• _Exercise aim_
Check each line of the data for "exists" and select those that have it.
=== Begin Enclosure ===
definition newton_diagram :: "diagram \<Rightarrow> bool" where
  "newton_diagram D \<longleftrightarrow> finite (supp D) \<and> supp D \<noteq> {} \<and>
     (\<forall>m \<in> supp D. fst m \<ge> 0 \<and> snd m \<ge> 0)"

definition absm :: "int \<times> int \<Rightarrow> int" where
  "absm m = fst m + snd m"

definition Eset :: "int \<times> int \<Rightarrow> (int \<times> int) set" where
  "Eset a = {a, (fst a - 1, snd a), (fst a, snd a - 1)}"

definition is_node :: "diagram \<Rightarrow> int \<times> int \<Rightarrow> bool" where
  "is_node D a \<longleftrightarrow> D ` Eset a \<in> {{P}, {N}, {Zero, P}, {Zero, N}}"

definition num_nodes :: "diagram \<Rightarrow> nat" where
  "num_nodes D = card {a. is_node D a}"

definition adjacent :: "int \<times> int \<Rightarrow> int \<times> int \<Rightarrow> bool" where
  "adjacent m m' \<longleftrightarrow> m \<noteq> m' \<and>
     (fst m - fst m', snd m - snd m') \<in> {(1,0), (-1,0), (0,1), (0,-1), (1,-1), (-1,1)}"

definition connected_set :: "(int \<times> int) set \<Rightarrow> bool" where
  "connected_set K \<longleftrightarrow> (\<forall>m \<in> K. \<forall>m' \<in> K.
     (\<lambda>x y. x \<in> K \<and> y \<in> K \<and> adjacent x y)\<^sup>*\<^sup>* m m')"

definition size_of :: "(int \<times> int) set \<Rightarrow> int" where
  "size_of K = Max (absm ` K) - (Min (fst ` K) + Min (snd ` K)) + 1"

definition extension :: "diagram \<Rightarrow> diagram \<Rightarrow> bool" where
  "extension D' D \<longleftrightarrow> newton_diagram D' \<and> supp D \<subseteq> supp D' \<and>
     (\<forall>m \<in> supp D. D' m = D m)"

end

theory Submission
  imports Defs
begin

(* Adjacent points differ in level |m| by at most one, so the connected
   set K, which contains (0,0) and a point of level >= k (its size exceeds k), meets the
   level k.  We extend D only on the empty points of level k, with alternating signs along
   each run of empty positions; then the two lower neighbours of a point of level k+1 that
   were both filled carry opposite signs, so new nodes can only appear at the corners
   (0,k+1) and (k+1,0).  The left end run starts with the sign opposite to D(0,k-1) and the
   right end run ends with the sign opposite to D(k-1,0) (they are different runs because
   level k meets K).  So if (0,k+1) becomes a node, then (0,k) was a node of D and no longer
   is one, and symmetrically for (k+1,0); a counting lemma turns this matching into the
   inequality for the number of nodes. *)

section \<open>Nodes as a condition on three signs\<close>

fun neg_sgn :: "sgn \<Rightarrow> sgn" where
  "neg_sgn P = N" | "neg_sgn N = P" | "neg_sgn Zero = Zero"

lemma neg_sgn_neg_sgn [simp]: "neg_sgn (neg_sgn x) = x"
  by (cases x) auto

lemma neg_sgn_nonzero: "x \<noteq> Zero \<Longrightarrow> neg_sgn x \<noteq> Zero"
  by (cases x) auto

definition node_triple :: "sgn \<Rightarrow> sgn \<Rightarrow> sgn \<Rightarrow> bool" where
  "node_triple x y z \<longleftrightarrow>
     (P \<in> {x, y, z} \<and> N \<notin> {x, y, z}) \<or> (N \<in> {x, y, z} \<and> P \<notin> {x, y, z})"

lemma node_value_set_iff:
  "(S::sgn set) \<in> {{P}, {N}, {Zero, P}, {Zero, N}} \<longleftrightarrow> (P \<in> S \<and> N \<notin> S) \<or> (N \<in> S \<and> P \<notin> S)"
proof -
  have "S \<in> Pow {Zero, P, N}" using sgn.exhaust by blast
  then show ?thesis by (simp add: Pow_insert) auto
qed
lemma payoff_const_on_supp_prof:
  fixes As :: "'i::finite \<Rightarrow> 'a set"
  assumes "finite_game As" "pop_distr As \<mu>" "b \<in> B1 As \<mu>" "stable As \<pi> \<mu> b"
    and "\<theta> \<in> supp_prof \<mu>" "\<theta>' \<in> supp_prof \<mu>"
  shows "exp_pay As (\<pi> i) (b \<theta>') = exp_pay As (\<pi> i) (b \<theta>)"
proof (rule PiE_UNIV_eq_of_update_invariant[where G="\<lambda>\<theta>. exp_pay As (\<pi> i) (b \<theta>)"
      and A="\<lambda>k. supp (\<mu> k)"])
  show "exp_pay As (\<pi> i) (b (\<theta>(k := x))) = exp_pay As (\<pi> i) (b \<theta>)"
    if "\<theta> \<in> PiE UNIV (\<lambda>k. supp (\<mu> k))" and "x \<in> supp (\<mu> k)" for \<theta> k x
    using payoff_invariant_update[OF assms(1-4)] that by (simp add: supp_prof_def)
qed (use assms(5,6) in \<open>simp_all add: supp_prof_def\<close>)
(* Let $p$ be a prime and $k,n$ positive integers. Then: (1) $P(p^{k+1},n)$ equals either $P(p^k,n)$ or $pP(p^k,n)$. (2) If $k\ge2$ and $P(p^{k+1},n)=pP(p^k,n)$, then $P(p^{k+2},n)=pP(p^{k+1},n)$. (3) If $P(p^{N+1},n)=pP(p^N,n)$ for some integer $N\ge2$, then $P(p^{N+k},n)=p^kP(p^N,n)$ for all positive integers $k$.
   Context: For positive integers $m,n$, let $\mathbf{Z}_m$ be the integers modulo $m$ and $T:\mathbf{Z}_m^n\to\mathbf{Z}_m^n$, $T(a_0,\dots,a_{n-1})=(a_0+a_1,a_1+a_2,\dots,a_{n-1}+a_0)$. For $\mathbf{a}\in\mathbf{Z}_m^n$ the cycle length of $(T^k\mathbf{a})_{k\ge0}$ is the smallest positive integer $P$ such that there is $N$ with $T^{k+P}\mathbf{a}=T^k\mathbf{a}$ for all $k\ge N$. $P(m,n)$ denotes the maximum of these cycle lengths over all $\mathbf{a}\in\mathbf{Z}_m^n$. *)

theory Defs
  imports "HOL-Computational_Algebra.Primes"
begin

text \<open>Elements of Z_m^n are represented as functions nat => int with entries
  in {0..<m} at indices i < n and value 0 at indices i >= n.\<close>

definition Zvecs :: "nat \<Rightarrow> nat \<Rightarrow> (nat \<Rightarrow> int) set" where
  "Zvecs m n = {a. (\<forall>i<n. a i \<in> {0..<int m}) \<and> (\<forall>i\<ge>n. a i = 0)}"

definition Tmap :: "nat \<Rightarrow> nat \<Rightarrow> (nat \<Rightarrow> int) \<Rightarrow> (nat \<Rightarrow> int)" where
  "Tmap m n a = (\<lambda>i. if i < n then (a i + a (Suc i mod n)) mod int m else 0)"

definition cycle_len :: "nat \<Rightarrow> nat \<Rightarrow> (nat \<Rightarrow> int) \<Rightarrow> nat" where
  "cycle_len m n a = (LEAST P. P > 0 \<and> (\<exists>N. \<forall>k\<ge>N. (Tmap m n ^^ (k + P)) a = (Tmap m n ^^ k) a))"

definition Pmax :: "nat \<Rightarrow> nat \<Rightarrow> nat" where
  "Pmax m n = Max (cycle_len m n ` Zvecs m n)"

end

theory Submission
  imports Defs "HOL-Computational_Algebra.Polynomial" "HOL-Library.FuncSet"
begin

text \<open>
  We identify Z_m^n with Z[x] modulo the ideal (m, x^n - 1): the vector a becomes the
  polynomial sum a_i x^i, and T becomes multiplication by t = 1 + x^(n-1). Every orbit is a
  multiple of the orbit of the unit vector, whose polynomials are the powers of t, so P(m,n)
  is the least eventual period of t modulo (m, x^n - 1).

  Suppose t^N w lies in (p^k, x^n - 1), where w = t^Q - 1. Since t^(pQ) - 1 = w (1 + t^Q
  + ... + t^((p-1)Q)) and the second factor is p plus a multiple of w, pQ is an eventual
  period modulo p^(k+1); as P(p^k) divides P(p^(k+1)), this gives (1). Conversely, in
  (1 + w)^p - 1 = p w + sum_(j>=2) C(p,j) w^j all terms with j >= 2 vanish modulo p^(k+2)
  after multiplication by a power of t, as soon as k >= 2. So if pQ is an eventual period
  modulo p^(k+2), then p t^M w lies in (p^(k+2), x^n - 1), and as x^n - 1 is primitive,
  t^M w lies in (p^(k+1), x^n - 1). Hence P(p^(k+2)) = P(p^(k+1)) is impossible when
  P(p^(k+1)) = p P(p^k), which is (2); (3) follows by induction.
\<close>

section \<open>The ideal generated by two elements\<close>

definition ideal2 :: "'a::comm_ring_1 \<Rightarrow> 'a \<Rightarrow> 'a set" where
  "ideal2 a b = {a * u + b * v |u v. True}"

lemma ideal2_iff: "x \<in> ideal2 a b \<longleftrightarrow> (\<exists>u v. x = a * u + b * v)"
  by (auto simp: ideal2_def)

lemma ideal2_zero [simp]: "0 \<in> ideal2 a b"
  unfolding ideal2_iff by (intro exI[of _ 0]) simp

lemma ideal2_add: "x \<in> ideal2 a b \<Longrightarrow> y \<in> ideal2 a b \<Longrightarrow> x + y \<in> ideal2 a b"
proof -
  assume "x \<in> ideal2 a b" "y \<in> ideal2 a b"
  then obtain u v u' v' where "x = a * u + b * v" "y = a * u' + b * v'"
    unfolding ideal2_iff by blast
  then have "x + y = a * (u + u') + b * (v + v')"
    by (simp add: algebra_simps)
  then show ?thesis unfolding ideal2_iff by blast
qed

lemma ideal2_uminus: "x \<in> ideal2 a b \<Longrightarrow> - x \<in> ideal2 a b"
proof -
  assume "x \<in> ideal2 a b"
  then obtain u v where "x = a * u + b * v"
    unfolding ideal2_iff by blast
  then have "- x = a * (- u) + b * (- v)"
    by (simp add: algebra_simps)
  then show ?thesis unfolding ideal2_iff by blast
qed

lemma ideal2_diff: "x \<in> ideal2 a b \<Longrightarrow> y \<in> ideal2 a b \<Longrightarrow> x - y \<in> ideal2 a b"
  using ideal2_add[of x a b "- y"] ideal2_uminus[of y] by simp

lemma ideal2_mult_left: "x \<in> ideal2 a b \<Longrightarrow> y * x \<in> ideal2 a b"
proof -
  assume "x \<in> ideal2 a b"
  then obtain u v where "x = a * u + b * v"
    unfolding ideal2_iff by blast
  then have "y * x = a * (y * u) + b * (y * v)"
    by (simp add: algebra_simps)
  then show ?thesis unfolding ideal2_iff by blast
qed

lemma ideal2_mult_right: "x \<in> ideal2 a b \<Longrightarrow> x * y \<in> ideal2 a b"
  using ideal2_mult_left[of x a b y] by (simp add: mult.commute)

lemma ideal2_sum: "(\<And>i. i \<in> A \<Longrightarrow> f i \<in> ideal2 a b) \<Longrightarrow> (\<Sum>i\<in>A. f i) \<in> ideal2 a b"
  by (induction A rule: infinite_finite_induct) (auto intro: ideal2_add)

lemma ideal2_left_multiple: "a * u \<in> ideal2 a b"
  unfolding ideal2_iff by (intro exI[of _ u] exI[of _ 0]) simp

lemma ideal2_right_multiple: "b * v \<in> ideal2 a b"
  unfolding ideal2_iff by (intro exI[of _ 0] exI[of _ v]) simp

lemma ideal2_antimono: "a dvd a' \<Longrightarrow> x \<in> ideal2 a' b \<Longrightarrow> x \<in> ideal2 a b"
proof -
  assume "a dvd a'" "x \<in> ideal2 a' b"
  then obtain k u v where "a' = a * k" "x = a' * u + b * v"
    unfolding ideal2_iff by blast
  then have "x = a * (k * u) + b * v"
    by (simp add: algebra_simps)
  then show ?thesis unfolding ideal2_iff by blast
qed

lemma ideal2_mult: "x \<in> ideal2 a c \<Longrightarrow> y \<in> ideal2 b c \<Longrightarrow> x * y \<in> ideal2 (a * b) c"
proof -
  assume "x \<in> ideal2 a c" "y \<in> ideal2 b c"
  then obtain u v u' v' where "x = a * u + c * v" "y = b * u' + c * v'"
    unfolding ideal2_iff by blast
  then have "x * y = (a * b) * (u * u') + c * (a * u * v' + v * y)"
    by (simp add: algebra_simps)
  then show ?thesis unfolding ideal2_iff by blast
qed

lemma ideal2_power: "x \<in> ideal2 a b \<Longrightarrow> x ^ j \<in> ideal2 (a ^ j) b"
proof (induction j)
  case 0
  show ?case using ideal2_left_multiple[of 1 1 b] by simp
next
  case (Suc j)
  then show ?case using ideal2_mult[of x a b "x ^ j" "a ^ j"] by simp
qed

lemma ideal2_cancel_const:
  fixes g :: "int poly"
  assumes "content g = 1" "c \<noteq> 0" "of_nat c * y \<in> ideal2 (of_nat c * a) g"
  shows "y \<in> ideal2 a g"
proof -
  obtain u v where uv: "of_nat c * y = of_nat c * a * u + g * v"
    using assms(3) unfolding ideal2_iff by blast
  have gv: "g * v = [:int c:] * (y - a * u)"
    using uv by (simp add: of_nat_poly[symmetric] algebra_simps)
  have "[:int c:] dvd g * v"
    unfolding gv by (rule dvd_triv_left)
  then have "int c dvd content (g * v)"
    by (simp add: const_poly_dvd_iff_dvd_content)
  then have "[:int c:] dvd v"
    by (simp add: content_mult assms(1) const_poly_dvd_iff_dvd_content)
  then obtain w where w: "v = [:int c:] * w" ..
  have "[:int c:] * (y - a * u - g * w) = 0"
    using gv w by (simp add: algebra_simps)
  then have "y = a * u + g * w" using assms(2) by simp
  then show ?thesis unfolding ideal2_iff by blast
qed

section \<open>Eventual periods modulo an ideal\<close>

definition eventual_period :: "'a::comm_ring_1 set \<Rightarrow> 'a \<Rightarrow> nat \<Rightarrow> bool" where
  "eventual_period I t P \<longleftrightarrow> (\<exists>N. t ^ N * (t ^ P - 1) \<in> I)"

definition min_period :: "'a::comm_ring_1 set \<Rightarrow> 'a \<Rightarrow> nat" where
  "min_period I t = (LEAST P. P > 0 \<and> eventual_period I t P)"

lemma eventual_period_from:
  assumes "eventual_period (ideal2 a b) t P"
  obtains N0 where "\<And>N. N \<ge> N0 \<Longrightarrow> t ^ N * (t ^ P - 1) \<in> ideal2 a b"
proof -
  obtain N0 where N0: "t ^ N0 * (t ^ P - 1) \<in> ideal2 a b"
    using assms unfolding eventual_period_def by blast
  have "t ^ N * (t ^ P - 1) \<in> ideal2 a b" if "N \<ge> N0" for N
  proof -
    from le_Suc_ex[OF that] obtain d where "N = N0 + d" ..
    then have "t ^ N * (t ^ P - 1) = t ^ d * (t ^ N0 * (t ^ P - 1))"
      by (simp add: power_add mult_ac)
    then show ?thesis using ideal2_mult_left[OF N0] by simp
  qed
  then show ?thesis by (rule that)
qed
lemma sat_lift_iff:
  assumes "tht1_XG \<psi>" and "keeps_witnesses T \<psi> n" and "\<forall>i. T' i = T (n i)"
    and "\<forall>i. H (n i) = H' i" and "\<forall>m. m \<notin> range n \<longrightarrow> H m = T m" and "\<forall>m. H m \<subseteq> T m"
  shows "sat H T 0 \<psi> = sat H' T' 0 \<psi>"
  using assms
proof (induction \<psi> arbitrary: H H')
  case (Atom p)
  then show ?case unfolding keeps_witnesses_def by (metis sat.simps(1))
next
  case (Or a b)
  have "keeps_witnesses T a n" "keeps_witnesses T b n"
    using keeps_witnesses_subfs[OF Or.prems(2)] by auto
  with Or.IH[of H H'] Or.prems show ?case by simp
next
  case (And a b)
  have "keeps_witnesses T a n" "keeps_witnesses T b n"
    using keeps_witnesses_subfs[OF And.prems(2)] by auto
  with And.IH[of H H'] And.prems show ?case by simp
next
  case (Imp a b)
  \<comment> \<open>implication also consults the there-world, i.e. the instance \<open>H = T\<close>, \<open>H' = T'\<close>\<close>
  have keeps: "keeps_witnesses T a n" "keeps_witnesses T b n"
    using keeps_witnesses_subfs[OF Imp.prems(2)] by auto
  have "sat H T 0 a = sat H' T' 0 a" "sat T T 0 a = sat T' T' 0 a"
    by (rule Imp.IH(1); use Imp.prems keeps in auto)+
  moreover have "sat H T 0 b = sat H' T' 0 b" "sat T T 0 b = sat T' T' 0 b"
    by (rule Imp.IH(2); use Imp.prems keeps in auto)+
  ultimately show ?case by simp
next
  case (Next a)
  then have "n 1 = 1" unfolding keeps_witnesses_def by auto
  then have "H 1 = H' 1" "T 1 = T' 1" using Next.prems(3,4) by metis+
  then have "sat H T 1 a = sat H' T' 1 a" using sat_temporal_free_cong Next.prems(1) by simp
  then show ?case by simp
next
  case (Release a b)
  then have "a = Bot" and "temporal_free b" by auto
  have "(\<forall>j. sat H T j b) = (\<forall>i. sat H' T' i b)"
    by (rule sat_Alw_lift_iff) (use Release.prems \<open>temporal_free b\<close> \<open>a = Bot\<close> in \<open>simp_all add: Alw_def\<close>)
  then show ?case using \<open>a = Bot\<close> by simp
qed auto

lemma equilibrium_model_extraction:
  assumes "tht1_XG \<phi>" and "equilibrium_model \<phi> T" and "inj n" and "keeps_witnesses T \<phi> n"
  shows "equilibrium_model \<phi> (T \<circ> n)"
proof -
  have total: "sat T T 0 \<phi>" and minimal: "\<And>H. \<forall>i. H i \<subseteq> T i \<Longrightarrow> H \<noteq> T \<Longrightarrow> \<not> sat H T 0 \<phi>"
    using assms(2) unfolding equilibrium_model_def models_def by blast+
  have lift_iff: "sat H T 0 \<phi> = sat H' (T \<circ> n) 0 \<phi>"
    if "\<forall>i. H (n i) = H' i" and "\<forall>m. m \<notin> range n \<longrightarrow> H m = T m" and "\<forall>m. H m \<subseteq> T m" for H H'
    using sat_lift_iff[OF assms(1,4) _ that] by simp
  have "\<not> sat H' (T \<circ> n) 0 \<phi>" if below': "\<forall>i. H' i \<subseteq> T (n i)" and smaller: "H' \<noteq> T \<circ> n" for H'
  proof -
    obtain H where along: "\<forall>i. H (n i) = H' i" and off: "\<forall>m. m \<notin> range n \<longrightarrow> H m = T m"
      and below: "\<forall>m. H m \<subseteq> T m"
      using lift_along_injective[OF assms(3) below'] by blast
    have "H \<noteq> T"
    proof
      assume "H = T"
      then have "H' = T \<circ> n" using along by (simp add: fun_eq_iff)
      then show False using smaller by contradiction
    qed
    then show ?thesis using minimal[OF below] lift_iff[OF along off below] by simp
  qed
  moreover have "sat (T \<circ> n) (T \<circ> n) 0 \<phi>" using total lift_iff[of T "T \<circ> n"] by simp
  ultimately show ?thesis unfolding equilibrium_model_def models_def by simp
qed

theorem mainTheorem8:
  fixes \<phi> :: "'a::finite tht" and T :: "nat \<Rightarrow> 'a set" and n :: "nat \<Rightarrow> nat"
  assumes "tht1_XG \<phi>"
    and "equilibrium_model \<phi> T"
    and "witness_pattern T T \<phi> n"
  shows "equilibrium_model \<phi> (T \<circ> n)"
proof -
  have "inj n"
    using assms(3) strict_mono_imp_inj_on unfolding witness_pattern_def by (elim conjE) simp
  then show ?thesis
    using equilibrium_model_extraction[OF assms(1,2)] witness_pattern_keeps_witnesses[OF assms(3)]
    by blast
qed

end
=== End Enclosure ===
• _The answer_
  "cycle_len m n a = (LEAST P. P > 0 \<and> (\<exists>N. \<forall>k\<ge>N. (Tmap m n ^^ (k + P)) a = (Tmap m n ^^ k) a))"
lemma ideal2_iff: "x \<in> ideal2 a b \<longleftrightarrow> (\<exists>u v. x = a * u + b * v)"
  "eventual_period I t P \<longleftrightarrow> (\<exists>N. t ^ N * (t ^ P - 1) \<in> I)"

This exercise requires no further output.